Extreme macro is a term used for images taken at magnification higher than 1:1. This is achieved through very special lenses but there are tricks to get the same (or similar) magnification without spending a fortune on new equipment. You can in fact use the cheapest kit lenses (like 18-55mm) together with reverse adapters which convert them to extreme macro lenses. When the lens is attached to the camera in reverse, the highest magnification is achieved at the shortest focal distance. For example, if we reverse 18-55mm lens, then we get the highest magnification at 18mm. Images above and below are taken using this exact kit lens.

Focus and Depth of Field

This is a major challenge in macro photography. When aperture is wide open, the depth of field is so shallow that even the tiniest objects might be mostly our of focus. That is why most macro images are taken with closed aperture using some additional artificial lighting. If the object is static (like coins or jewelry) we can use focus stacking which basically involves taking multiple images with different areas in focus and stack them later in software.

Recommended Settings

As I said above, we have to close down aperture most of the time.
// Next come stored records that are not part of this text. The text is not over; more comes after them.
lemma proper_colouring_of_residual:
  assumes "simple_graph V E" and "proper_colouring V E k \<phi>"
    and "list_colouring (V - X) E (residual_lists V E k X \<phi>) \<gamma>"
  shows "proper_colouring V E k (\<lambda>u. if u \<in> X then \<phi> u else \<gamma> u)"
  unfolding proper_colouring_def
proof (intro conjI ballI allI impI)
  fix u assume "u \<in> V"
  then show "(if u \<in> X then \<phi> u else \<gamma> u) \<in> {1..k}"
    using assms(2,3) unfolding proper_colouring_def list_colouring_def residual_lists_def by auto
next
  fix a b assume "E a b"
  then have ab: "a \<in> V" "b \<in> V" "E b a"
    using assms(1) unfolding simple_graph_def by blast+
  have cross: "\<gamma> u \<noteq> \<phi> w" if "u \<in> V - X" "w \<in> X" "E u w" for u w
    using assms(1,3) that unfolding simple_graph_def list_colouring_def residual_lists_def nbrs_def
    by blast
  show "(if a \<in> X then \<phi> a else \<gamma> a) \<noteq> (if b \<in> X then \<phi> b else \<gamma> b)"
    using cross[of a b] cross[of b a] \<open>E a b\<close> ab assms(2,3)
    unfolding proper_colouring_def list_colouring_def by auto
qed

lemma reconf_equiv_of_residual_reconfiguration:
  assumes "simple_graph V E" and "x \<in> X" and "X \<subseteq> V"
    and "proper_colouring V E k \<phi>" and "\<forall>u\<in>X. \<psi> u = \<phi> u"
    and "(list_recolour_step (V - X) E (residual_lists V E k X \<phi>))\<^sup>*\<^sup>* \<phi> \<psi>"
  shows "reconf_equiv V E k \<phi> \<psi>"
proof -
  let ?L = "residual_lists V E k X \<phi>"
  define extend where "extend \<gamma> u = (if u \<in> X then \<phi> u else \<gamma> u)" for \<gamma> :: "'a \<Rightarrow> nat" and u
  have step: "recolour_step V E k (extend \<gamma>) (extend \<delta>)"
    if st: "list_recolour_step (V - X) E ?L \<gamma> \<delta>" for \<gamma> \<delta>
  proof -
    obtain v where v: "\<forall>u\<in>V - X. u \<noteq> v \<longrightarrow> \<gamma> u = \<delta> u"
      using st unfolding list_recolour_step_def by blast
    \<comment> \<open>The list step may name a vertex outside V; then any vertex serves.\<close>
    have "\<forall>u\<in>V. u \<noteq> (if v \<in> V then v else x) \<longrightarrow> extend \<gamma> u = extend \<delta> u"
      using v unfolding extend_def by auto
    moreover have "(if v \<in> V then v else x) \<in> V"
      using assms(2,3) by auto
    ultimately show ?thesis
      using st proper_colouring_of_residual[OF assms(1,4)]
      unfolding recolour_step_def list_recolour_step_def extend_def by blast
  qed
  have "(recolour_step V E k)\<^sup>*\<^sup>* (extend \<phi>) (extend \<psi>)"
    using assms(6) by (induction rule: rtranclp_induct) (auto intro: rtranclp.rtrancl_into_rtrancl step)
  moreover have "extend \<phi> = \<phi>" "extend \<psi> = \<psi>"
    using assms(5) unfolding extend_def by auto
  ultimately show ?thesis
    unfolding reconf_equiv_def by simp
qed

section \<open>Monochromatic pairs at distance two\<close>

definition dist_two :: "'a set \<Rightarrow> ('a \<Rightarrow> 'a \<Rightarrow> bool) \<Rightarrow> 'a \<Rightarrow> 'a \<Rightarrow> bool" where
  "dist_two V E x y \<longleftrightarrow> x \<in> V \<and> y \<in> V \<and> x \<noteq> y \<and> \<not> E x y \<and> (\<exists>z\<in>V. E z x \<and> E z y)"

lemma dist_two_no_edge:
  assumes "simple_graph V E" and "dist_two V E x y" and "a \<in> {x, y}" and "b \<in> {x, y}"
  shows "\<not> E a b"
  using assms unfolding simple_graph_def dist_two_def by blast

lemma dist_two_degree_ge_2:
  assumes "simple_graph V E" and "regular V E \<Delta>" and "dist_two V E x y"
  shows "2 \<le> \<Delta>"
proof -
  obtain z where z: "z \<in> V" "E z x" "E z y" and "x \<in> V" "y \<in> V" "x \<noteq> y"
    using assms(3) unfolding dist_two_def by blast
  then have "{x, y} \<subseteq> nbrs V E z"
    unfolding nbrs_def by auto
  then have "card {x, y} \<le> card (nbrs V E z)"
    by (rule card_mono[OF finite_nbrs[OF simple_graphD(1)[OF assms(1)]]])
  then show ?thesis
    using assms(2) z(1) \<open>x \<noteq> y\<close> unfolding regular_def by simp
qed

lemma exists_colouring_monochromatic_dist_two:
  assumes "simple_graph V E" and "regular V E \<Delta>" and "dist_two V E x y"
  shows "\<exists>\<gamma>. proper_colouring V E (\<Delta> + 1) \<gamma> \<and> \<gamma> x = \<gamma> y"
proof -
  have "list_colouring {x, y} E (\<lambda>_. {1..\<Delta> + 1}) (\<lambda>_. 1)"
    using dist_two_no_edge[OF assms(1,3)] unfolding list_colouring_def by simp
  moreover have "{x, y} \<subseteq> V"
    using assms(3) unfolding dist_two_def by blast
  ultimately obtain \<gamma> where "proper_colouring V E (\<Delta> + 1) \<gamma>" "\<forall>u\<in>{x, y}. \<gamma> u = 1"
    using regular_colouring_extend[OF assms(1,2)] by blast
  then show ?thesis
    by auto
qed

lemma exists_colouring_two_monochromatic_dist_two:
  assumes "simple_graph V E" and "regular V E \<Delta>"
    and "dist_two V E x y" and "dist_two V E x' y'" and "{x, y} \<inter> {x', y'} = {}"
    and "f \<in> {1..\<Delta> + 1}" and "g \<in> {1..\<Delta> + 1}" and "f \<noteq> g"
  shows "\<exists>\<gamma>. proper_colouring V E (\<Delta> + 1) \<gamma> \<and> \<gamma> x = f \<and> \<gamma> y = f \<and> \<gamma> x' = g \<and> \<gamma> y' = g"
proof -
  let ?\<gamma> = "\<lambda>u. if u \<in> {x, y} then f else g"
  have "list_colouring {x, y, x', y'} E (\<lambda>_. {1..\<Delta> + 1}) ?\<gamma>"
    using dist_two_no_edge[OF assms(1,3)] dist_two_no_edge[OF assms(1,4)] assms(5-8)
    unfolding list_colouring_def by auto
  moreover have "{x, y, x', y'} \<subseteq> V"
    using assms(3,4) unfolding dist_two_def by blast
  ultimately obtain \<gamma> where "proper_colouring V E (\<Delta> + 1) \<gamma>" "\<forall>u\<in>{x, y, x', y'}. \<gamma> u = ?\<gamma> u"
    using regular_colouring_extend[OF assms(1,2)] by blast
  then show ?thesis
    using assms(5) by (intro exI[of _ \<gamma>]) auto
qed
So adding a flash is recommended. Support your camera with a tripod or monopod to reduce camera shake. I would recommend using Manual exposure mode and auto ISO. Do not forget to shoot in RAW as we will have to edit macro images most of the time.

Recommended Targets

Micro world is literally all around us: at home (coins), in the yard (insects, bugs, flowers). If you are planning to shoot insects, make sure you have enough time and patience, they are not exactly excited about being subject of your art. Some people use special chemistry to make insects dizzy and unable to run/fly away, but I am personally against it and find that way very irresponsible.